** MATERIAL FOR THIS TASK **
lemma path_after_F:
  assumes p: "ridge_path d (insert F S) (F # ys)" and "ys \<noteq> []"
  shows "ridge_path d S ys" and "F \<inter> hd ys = base"
proof -
  have "F \<notin> set ys"
  proof
    assume "F \<in> set ys"
    then obtain cs ds where ys: "ys = cs @ F # ds" by (meson split_list)
    then have "ds = []" using F_not_interior[of "F # cs" ds] p by simp
    then show False using F_not_both_ends[of cs] p ys by simp
  qed
  moreover have "ridge_path d (insert F S) ys" using ridge_path_tl p \<open>ys \<noteq> []\<close> by blast
  ultimately show "ridge_path d S ys" by (auto simp: ridge_path_def)
  have "hd ys \<inter> F = base"
    using path_inter_F[OF p, of "hd ys"] \<open>ys \<noteq> []\<close> by (simp add: ridges_Cons Int_commute)
  then show "F \<inter> hd ys = base" by (simp add: Int_commute)
qed

lemma F_at_end:
  assumes p: "ridge_path d (insert F S) xs" and "F \<in> set xs"
  shows "xs = [F] \<or>
    (\<exists>ys. (xs = F # ys \<or> rev xs = F # ys) \<and> ridge_path d S ys \<and> F \<inter> hd ys = base)"
proof -
  obtain as bs where xs: "xs = as @ F # bs" using \<open>F \<in> set xs\<close> by (meson split_list)
  consider "as = []" "bs = []" | "as = []" "bs \<noteq> []" | "as \<noteq> []" "bs = []"
    using F_not_interior p xs by blast
  then show ?thesis
  proof cases
    case 2
    then show ?thesis using path_after_F[of bs] p xs by auto
  next
    case 3
    then have "rev xs = F # rev as" "ridge_path d (insert F S) (F # rev as)"
      using p xs ridge_path_rev[of d "insert F S" xs] by auto
    then show ?thesis using path_after_F[of "rev as"] \<open>as \<noteq> []\<close> by auto
  qed (use xs in simp)
qed

lemma path_from_F:
  assumes p: "ridge_path d (insert F S) xs" and hd_xs: "hd xs = F"
  shows "xs = [F] \<or> (\<exists>ys. xs = F # ys \<and> ridge_path d S ys \<and> F \<inter> hd ys = base)"
proof -
  have "xs \<noteq> []" using p by (simp add: ridge_path_def)
  then have "F \<in> set xs" using hd_xs hd_in_set by fastforce
  from F_at_end[OF p this] show ?thesis
  proof (elim disjE exE conjE)
    fix ys assume rev_xs: "rev xs = F # ys" and pys: "ridge_path d S ys"
    then have "ys \<noteq> []" by (simp add: ridge_path_def)
    then have "last ys = F" using rev_xs hd_xs last_rev[of xs] by simp
    moreover have "last ys \<in> S" using pys \<open>ys \<noteq> []\<close> by (auto simp: ridge_path_def)
    ultimately show ?thesis using F_notin by simp
  qed blast+
qed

** PROBLEM TO WORK ON **
Print the material above verbatim, first line through the line containing "ys \<inter> F", both included.

** RESULT OF THIS EXERCISE **
lemma path_after_F:
  assumes p: "ridge_path d (insert F S) (F # ys)" and "ys \<noteq> []"
  shows "ridge_path d S ys" and "F \<inter> hd ys = base"
proof -
  have "F \<notin> set ys"
  proof
    assume "F \<in> set ys"
    then obtain cs ds where ys: "ys = cs @ F # ds" by (meson split_list)
    then have "ds = []" using F_not_interior[of "F # cs" ds] p by simp
    then show False using F_not_both_ends[of cs] p ys by simp
  qed
  moreover have "ridge_path d (insert F S) ys" using ridge_path_tl p \<open>ys \<noteq> []\<close> by blast
  ultimately show "ridge_path d S ys" by (auto simp: ridge_path_def)
  have "hd ys \<inter> F = base"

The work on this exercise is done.